Bekasi | Jurnal Inspirasi
Demonstrasi menolak Omnibus Law UU Cipta Kerja (Ciptaker) di Kawasan Industri Jababeka, Cikarang, Kabupaten Bekasi, Rabu (7/10), diwarnai bentrokan. Sebanyak enam mahasiswa Universitas Pelita Bangsa dilarikan ke rumah sakit dalam kondisi kritis. Rekan korban, Abdul Muhaimin mengatakan, “Alhamdulilah operasinya berjalan lancar, dan sekarang masih dalam pemulihan,” mata Muhaimin, Kamis (8/10).
Muhaimin mengaku, Nasrul mengalami luka di bagian kepala akibat tembakan peluru karet mengenai bagian kepalanya. Sehingga, pihak medis mengambil tindakan operasi.
Sebelumnya pihak kampus menjelaskan, “Enam orang dalam kondisi cukup kritis, satu mahasiswa masih dalam tindakan serius karena terus mengalami pendarahan,” ujar Humas Universitas Pelita Bangsa, Nining Yuningsih, Rabu (7/10).

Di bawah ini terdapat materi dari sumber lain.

(* Let $\mu>0$ and let $\mathcal{D}_\mu$ be the collection of all mixed Poisson random variables $D$ with $\mathbb{E}(D)=\mu$. Let $\mu_c$ be the largest real root of $2x=e^{x-1/2}$ ($\mu_c\approx 1.756$). Let $X^*$ be the random variable with $$\mathbb{P}(X^*=\max(\mu,\mu_c))=1-\mathbb{P}(X^*=0)=\min(1,\mu/\mu_c),$$ and let $D^*$ be mixed Poisson$(X^* )$. Then $$\min_{D\in\mathcal{D}_\mu} q_D=q_{D^*}.$$
   Context: For a non-negative real random variable $X$, a random variable $D$ is mixed Poisson$(X)$ if $\mathbb{P}(D=k)=\mathbb{E}\big(\tfrac{X^k}{k!}e^{-X}\big)$ for $k\in\{0,1,2,\dots\}$; then $\mathbb{E}(D)=\mathbb{E}(X)=:\mu_X$. For an $\{0,1,2,\dots\}$-valued random variable $D$ with $0<\mu_D=\mathbb{E}(D)<\infty$, its generating function is $f_D(s)=\mathbb{E}(s^D)$, $s\in[0,1]$, and $\bar f_D(s)=f_D'(s)/\mu_D=\sum_{k\ge1}\frac{k\mathbb{P}(D=k)}{\mu_D}s^{k-1}$ (the generating function of $\bar D-1$, where $\bar D$ is the size-biased version of $D$). For $D$ mixed Poisson$(X)$ one has $f_D(s)=\mathbb{E}(e^{-(1-s)X})$ and $\bar f_D(s)=\mathbb{E}(Xe^{-(1-s)X})/\mu_X$. $z_D$ denotes the smallest root in $[0,1]$ of $s=\bar f_D(s)$, and $q_D:=f_D(z_D)$. (In the Poissonian random graph with i.i.d. vertex weights distributed as $X$, $1-q_D$ is the limiting fraction of vertices in the largest component.) *)

theory Defs
  imports "HOL-Probability.Probability"
begin

definition nonneg_rv_mean :: "'a measure \<Rightarrow> ('a \<Rightarrow> real) \<Rightarrow> real \<Rightarrow> bool" where
  "nonneg_rv_mean M X mu \<longleftrightarrow> prob_space M \<and> X \<in> borel_measurable M \<and>
     (AE w in M. 0 \<le> X w) \<and> integrable M X \<and> (\<integral>w. X w \<partial>M) = mu"

definition mixed_poisson_pmf :: "'a measure \<Rightarrow> ('a \<Rightarrow> real) \<Rightarrow> nat \<Rightarrow> real" where
  "mixed_poisson_pmf M X k = (\<integral>w. X w ^ k / fact k * exp (- X w) \<partial>M)"

text \<open>For a law p of a {0,1,2,...}-valued variable D (p k = P(D = k)):\<close>
definition gen_fun :: "(nat \<Rightarrow> real) \<Rightarrow> real \<Rightarrow> real" where
  "gen_fun p s = (\<Sum>k. p k * s ^ k)"

definition mean_nat :: "(nat \<Rightarrow> real) \<Rightarrow> real" where
  "mean_nat p = (\<Sum>k. real k * p k)"

text \<open>bar f_D(s) = f_D'(s)/mu_D = sum_{k>=1} k P(D=k)/mu_D s^(k-1).\<close>
definition sb_gen_fun :: "(nat \<Rightarrow> real) \<Rightarrow> real \<Rightarrow> real" where
  "sb_gen_fun p s = (\<Sum>k. real (Suc k) * p (Suc k) / mean_nat p * s ^ k)"

definition z_root :: "(nat \<Rightarrow> real) \<Rightarrow> real" where
  "z_root p = (LEAST s. s \<in> {0..1} \<and> s = sb_gen_fun p s)"

definition q_val :: "(nat \<Rightarrow> real) \<Rightarrow> real" where
  "q_val p = gen_fun p (z_root p)"

definition mu_c :: real where
  "mu_c = (GREATEST x::real. 2 * x = exp (x - 1/2))"

end

theory Submission
  imports Defs
begin

text \<open>
  Write t = 1 - z_D. For D mixed Poisson(X) the generating functions are Laplace transforms,
  f_D(s) = E e^(-(1-s)X) and bar f_D(s) = E(X e^(-(1-s)X))/mu, so the fixed-point equation for z_D
  reads E(X (1 - e^(-tX))) = mu t and 1 - q_D = a := E(1 - e^(-tX)).  Two inequalities bound a:
  (i) for every w \<ge> 1 with 1 + 2w \<le> e^w, the function y \<mapsto> (1 - e^(-y))(w + y) lies below its
  tangent at y = w on [0, \<infinity>); averaging at y = tX and using the fixed-point equation gives
  w a + mu t^2 \<le> slope(w) mu t + offset(w);  (ii) Jensen: a \<le> 1 - e^(-t mu).
  For mu < mu_c the choice w = mu_c - 1/2 (where the offset vanishes) and maximisation over t give
  a \<le> (mu/mu_c)(1 - 1/(2 mu_c)); for mu \<ge> mu_c the choice w = mu (1 - e^(-w)) together with (ii)
  gives a \<le> 1 - e^(-w).  In both cases the right-hand side is 1 - q for the two-point law D*.
\<close>

text \<open>The tangent line at y = w of y \<mapsto> (1 - e^(-y))(w + y) has slope tangent_slope w and
  intercept tangent_offset w.\<close>
definition tangent_slope :: "real \<Rightarrow> real" where
  "tangent_slope w = 1 + exp (- w) * (2 * w - 1)"

definition tangent_offset :: "real \<Rightarrow> real" where
  "tangent_offset w = w - w * exp (- w) - 2 * w\<^sup>2 * exp (- w)"

text \<open>Tangent inequality: for w \<ge> 1 with 1 + 2w \<le> e^w, the function y \<mapsto> (1 - e^(-y))(w + y)
  lies below its tangent at y = w on [0, \<infinity>). The gap u between tangent and function is convex
  beyond c = max 0 (2 - w) and concave on [0, c]; the condition on w makes u(0) \<ge> 0.\<close>
lemma tangent_bound:
  fixes w y :: real
  assumes w: "1 \<le> w" "1 + 2 * w \<le> exp w" and y: "0 \<le> y"
  shows "(1 - exp (- y)) * (w + y) \<le> tangent_slope w * y + tangent_offset w"
proof -
  define u where "u = (\<lambda>y. tangent_slope w * y + tangent_offset w - (1 - exp (- y)) * (w + y))"
  define u' where "u' = (\<lambda>y. tangent_slope w - 1 - exp (- y) * (w + y - 1))"
  define u'' where "u'' = (\<lambda>y::real. exp (- y) * (w + y - 2))"
  have du: "(u has_real_derivative u' x) (at x)" for x
    unfolding u_def u'_def by (auto intro!: derivative_eq_intros simp: algebra_simps)
  have du': "(u' has_real_derivative u'' x) (at x)" for x
    unfolding u'_def u''_def by (auto intro!: derivative_eq_intros simp: algebra_simps)
  have uw: "u w = 0" and u'w: "u' w = 0"
    unfolding u_def u'_def tangent_slope_def tangent_offset_def
    by (simp_all add: algebra_simps power2_eq_square)
  have u0: "0 \<le> u 0"
  proof -
    have "u 0 = w * exp (- w) * (exp w - 1 - 2 * w)"
      unfolding u_def tangent_offset_def
      by (simp add: algebra_simps power2_eq_square exp_minus_inverse)
    then show ?thesis using w by simp
  qed
  define c where "c = max 0 (2 - w)"
  \<comment> \<open>On the half-line from c, u is convex, so it lies above its horizontal tangent at w.\<close>
  have convex_part: "0 \<le> u y" if "c \<le> y" for y
  proof -
    have "u' w * (y - w) \<le> u y - u w"
      by (rule f''_imp_f'[of "{c..}" u u' u'']) (use du du' w that in \<open>auto simp: c_def u''_def\<close>)
    then show ?thesis using uw u'w by simp
  qed
  \<comment> \<open>On [0, c] u is concave, so it is bounded below by its values at the endpoints.\<close>
  show ?thesis
  proof (cases "c \<le> y")
    case False
    then have c: "c = 2 - w" using y by (auto simp: c_def)
    have "concave_on {0..c} u"
      by (rule f''_le0_imp_concave[of _ u u' u'']) (use du du' c in \<open>auto simp: u''_def mult_nonneg_nonpos\<close>)
    then have "min (u 0) (u c) \<le> u y"
      by (rule concave_on_ge_min) (use False y in auto)
    then show ?thesis using u0 convex_part[of c] unfolding u_def by simp
  qed (use convex_part in \<open>simp add: u_def\<close>)
qed

lemma sums_integral_dominated:
  fixes f :: "nat \<Rightarrow> 'a \<Rightarrow> real"
  assumes f: "\<And>i. integrable M (f i)" and F: "F \<in> borel_measurable M" and W: "integrable M W"
    and sums: "AE x in M. (\<lambda>i. f i x) sums F x"
    and bound: "\<And>n. AE x in M. \<bar>\<Sum>i<n. f i x\<bar> \<le> W x"
  shows "(\<lambda>i. integral\<^sup>L M (f i)) sums integral\<^sup>L M F"
proof -
  have "(\<lambda>n. integral\<^sup>L M (\<lambda>x. \<Sum>i<n. f i x)) \<longlonglongrightarrow> integral\<^sup>L M F"
    by (rule integral_dominated_convergence[where w = W])
       (use f F W sums bound in \<open>auto simp: sums_def\<close>)
  then show ?thesis using f by (simp add: sums_def)
qed

lemma poisson_weights_sums:
  fixes x s :: real
  assumes "0 \<le> s" "s \<le> 1"
  shows "(\<lambda>k. x ^ k / fact k * exp (- x) * s ^ k) sums exp (- (1 - s) * x)"
proof -
  have "(\<lambda>k. (s * x) ^ k / fact k * exp (- x)) sums (exp (s * x) * exp (- x))"
    using sums_mult2[OF exp_converges[of "s * x"]] by (simp add: divide_inverse mult.commute)
  moreover have "exp (s * x) * exp (- x) = exp (- (1 - s) * x)"
    by (simp add: exp_add[symmetric] algebra_simps)
  ultimately show ?thesis by (simp add: power_mult_distrib mult_ac)
qed

lemma poisson_weights_finite_sum_le:
  fixes x s :: real
  assumes "0 \<le> x" "0 \<le> s" "s \<le> 1" "finite K"
  shows "(\<Sum>k\<in>K. x ^ k / fact k * exp (- x) * s ^ k) \<le> 1"
proof -
  note sums = poisson_weights_sums[OF assms(2,3), of x]
  have "(\<Sum>k\<in>K. x ^ k / fact k * exp (- x) * s ^ k) \<le> exp (- (1 - s) * x)"
    using sum_le_suminf[OF sums_summable[OF sums] assms(4)] assms sums by (simp add: sums_iff)
  also have "\<dots> \<le> 1" using assms by (simp add: mult_nonpos_nonneg)
  finally show ?thesis .
qed

text \<open>Averaging the Poisson series against a non-negative integrable weight G: this gives both
  f_D (with G = 1) and its derivative (with G = X) as Laplace-type integrals.\<close>
lemma mixed_poisson_weighted_series:
  fixes X G :: "'a \<Rightarrow> real"
  assumes X: "X \<in> borel_measurable M" "AE w in M. 0 \<le> X w"
    and G: "G \<in> borel_measurable M" "integrable M G" "AE w in M. 0 \<le> G w"
    and s: "0 \<le> s" "s \<le> 1"
  shows "(\<lambda>k. (\<integral>w. G w * (X w ^ k / fact k * exp (- X w)) \<partial>M) * s ^ k)
           sums (\<integral>w. G w * exp (- (1 - s) * X w) \<partial>M)"
proof -
  define f where "f = (\<lambda>k w. G w * (X w ^ k / fact k * exp (- X w)) * s ^ k)"
  have partial: "AE w in M. \<bar>\<Sum>k\<in>K. f k w\<bar> \<le> G w" if "finite K" for K
    using X(2) G(3)
  proof eventually_elim
    case (elim w)
    have "0 \<le> (\<Sum>k\<in>K. X w ^ k / fact k * exp (- X w) * s ^ k)"
      using elim s by (intro sum_nonneg) simp
    moreover have "(\<Sum>k\<in>K. X w ^ k / fact k * exp (- X w) * s ^ k) \<le> 1"
      using poisson_weights_finite_sum_le elim s that by simp
    moreover have "(\<Sum>k\<in>K. f k w) = G w * (\<Sum>k\<in>K. X w ^ k / fact k * exp (- X w) * s ^ k)"
      by (simp add: f_def sum_distrib_left mult.assoc)
    ultimately show ?case
      using elim by (simp add: abs_mult mult_left_le)
  qed
  have "integrable M (f k)" for k
    by (rule Bochner_Integration.integrable_bound[OF G(2)])
       (use X G partial[of "{k}"] in \<open>auto simp: f_def\<close>)
  moreover have "AE w in M. (\<lambda>k. f k w) sums (G w * exp (- (1 - s) * X w))"
    using sums_mult[OF poisson_weights_sums[OF s], of "G _"] unfolding f_def by (simp add: mult.assoc)
  ultimately have "(\<lambda>k. integral\<^sup>L M (f k)) sums (\<integral>w. G w * exp (- (1 - s) * X w) \<partial>M)"
    by (intro sums_integral_dominated[where W = G]) (use X G partial in auto)
  then show ?thesis unfolding f_def integral_mult_left_zero .
qed


lemma nonneg_rv_meanD:
  assumes "nonneg_rv_mean M X mu"
  shows "prob_space M" "X \<in> borel_measurable M" "AE w in M. 0 \<le> X w" "integrable M X"
    "(\<integral>w. X w \<partial>M) = mu"
  using assms unfolding nonneg_rv_mean_def by auto

lemma mixed_poisson_pmf_nonneg:
  assumes "AE w in M. 0 \<le> X w"
  shows "0 \<le> mixed_poisson_pmf M X k"
  unfolding mixed_poisson_pmf_def by (rule integral_nonneg_AE) (use assms in auto)

lemma mixed_poisson_gen_fun:
  assumes X: "nonneg_rv_mean M X mu" and s: "0 \<le> s" "s \<le> 1"
  shows "gen_fun (mixed_poisson_pmf M X) s = (\<integral>w. exp (- (1 - s) * X w) \<partial>M)"
proof -
  interpret prob_space M using nonneg_rv_meanD[OF X] by simp
  have "(\<lambda>k. (\<integral>w. 1 * (X w ^ k / fact k * exp (- X w)) \<partial>M) * s ^ k)
          sums (\<integral>w. 1 * exp (- (1 - s) * X w) \<partial>M)"
    by (rule mixed_poisson_weighted_series) (use nonneg_rv_meanD[OF X] s in auto)
  then show ?thesis unfolding gen_fun_def mixed_poisson_pmf_def by (simp add: sums_iff)
qed

lemma mixed_poisson_pmf_Suc:
  "real (Suc k) * mixed_poisson_pmf M X (Suc k) = (\<integral>w. X w * (X w ^ k / fact k * exp (- X w)) \<partial>M)"
proof -
  have "real (Suc k) * mixed_poisson_pmf M X (Suc k)
      = (\<integral>w. real (Suc k) * (X w ^ Suc k / fact (Suc k) * exp (- X w)) \<partial>M)"
    unfolding mixed_poisson_pmf_def by (simp only: integral_mult_right_zero)
  also have "\<dots> = (\<integral>w. X w * (X w ^ k / fact k * exp (- X w)) \<partial>M)"
    by (simp add: field_simps del: of_nat_Suc)
  finally show ?thesis .
qed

Enam mahasiswa dilarikan ke dua rumah sakit berbeda karena tingkat kritis yang butuh penanganan berbeda. Tiga mahasiswa dilarikan ke RS Harapan Keluarga dan sisanya ke RS Karya Medika. Nining sekaligus membantah kabar media sosial yang menyebut satu mahasiswa UPB meninggal. Para mahasiswa yang masuk rumah sakit, kata dia, didominasi luka pendarahan pada bagian kepala hingga pelipis. Nining belum dapat mengonfirmasi soal luka akibat peluru karet, meski laporan dari mahasiswa yang ikut demo mengatakan demikian. “Namun kabar mahasiswa kami meninggal dapat kami tegaskan bahwa itu tidak benar,” ujarnya.
Dikonfirmasi terpisah, Ketua DPC GMNI Kabupaten Bekasi Yogi Trinanda mengabarkan soal bentrokan yang terjadi dengan polisi tersebut. Setidaknya, kata dia, tiga rekannya harus menjalani pengobatan di rumah sakit terdekat. “Tiga [korban]. Dua luka di kepala, satu luka di rahang pipi,” ujar Ketua DPC GMNI Kabupaten Bekasi Yogi Trinanda.
Salah satu dari mahasiswa yang terluka itu adalah rekannya sesama GMNI, seorang dari organ mahasiswa lain, dan satu lagi diketahui tak terlibat organisasi kemahasiswaan. Ia menerangkan tiga mahasiswa tersebut menjalani perawatan medis di rumah sakit, di antarnya dijahit. Salah seorang, kata dia, harus melewati rawat inap.
Ia menerangkan massa mahasiswa yang berasal dari kampus Universitas Pelita Bangsa melakukan aksi penolakan omnibus law ciptaker. Mereka, kata Yogi, bergerak dari kampus menuju kawasan Jababeka sekitar pukul 09.00 WIB. Namun, langkah mereka sempat terhenti karena diadang polisi. Setelah bernegosiasi, sempat ada kesepakatan massa hanya boleh bergerak hingga tengah kawasan Jababeka 1, tak boleh mendekati jalan tol.
Tapi, belum sampai ke titik yang disepakati, massa kembali disekat aparat keamanan. Alhasil, kata dia, mulai terjadi keributan. Pada Rabu malam, kata Yogi, massa mahasiswa sudah selesai melakukan aksi. Namun, ia memastikan, rekan-rekannya sesama mahasiswa tak akan berhenti hari ini saja melakukan aksi penolakan omnibus law cipta kerja.
Menyikapi peristiwa kekerasan terhadap massa mahasiswa di Jababeka tersebut, Ketua Umum DPP GMNI Arjuna menyerukan kepada pihak aparat keamanan agar tak represif mengamankan demonstrasi.
“Pengamanan memang perlu. Tapi tidak perlu berlebihan dan tidak perlu represif. Karena ini penolakan biasa. Masyarakat mengungkapkan pikirannya bagian dari demokrasi, dilindungi undang-undang dasar,” ujar Arjuna dalam keterangannya.
“Di Bekasi, kader kami jadi korban tindakan represif aparat keamanan. Jadi kami sangat menyesalkan aparat yang seharusnya melindungi. Bukan menggebuk agar mahasiswa tidak berdemonstrasi,” imbuhnya. DPP GMNI menurut Arjuna akan menindaklanjuti kasus pemukulan ini dengan melaporkannya ke Komnas HAM.
“Kami akan melaporkan ke Komnas HAM. Karena setiap mengamankan aksi demonstrasi aparat memiliki protap. Tidak bisa sembarang pukul,” pungkas dia.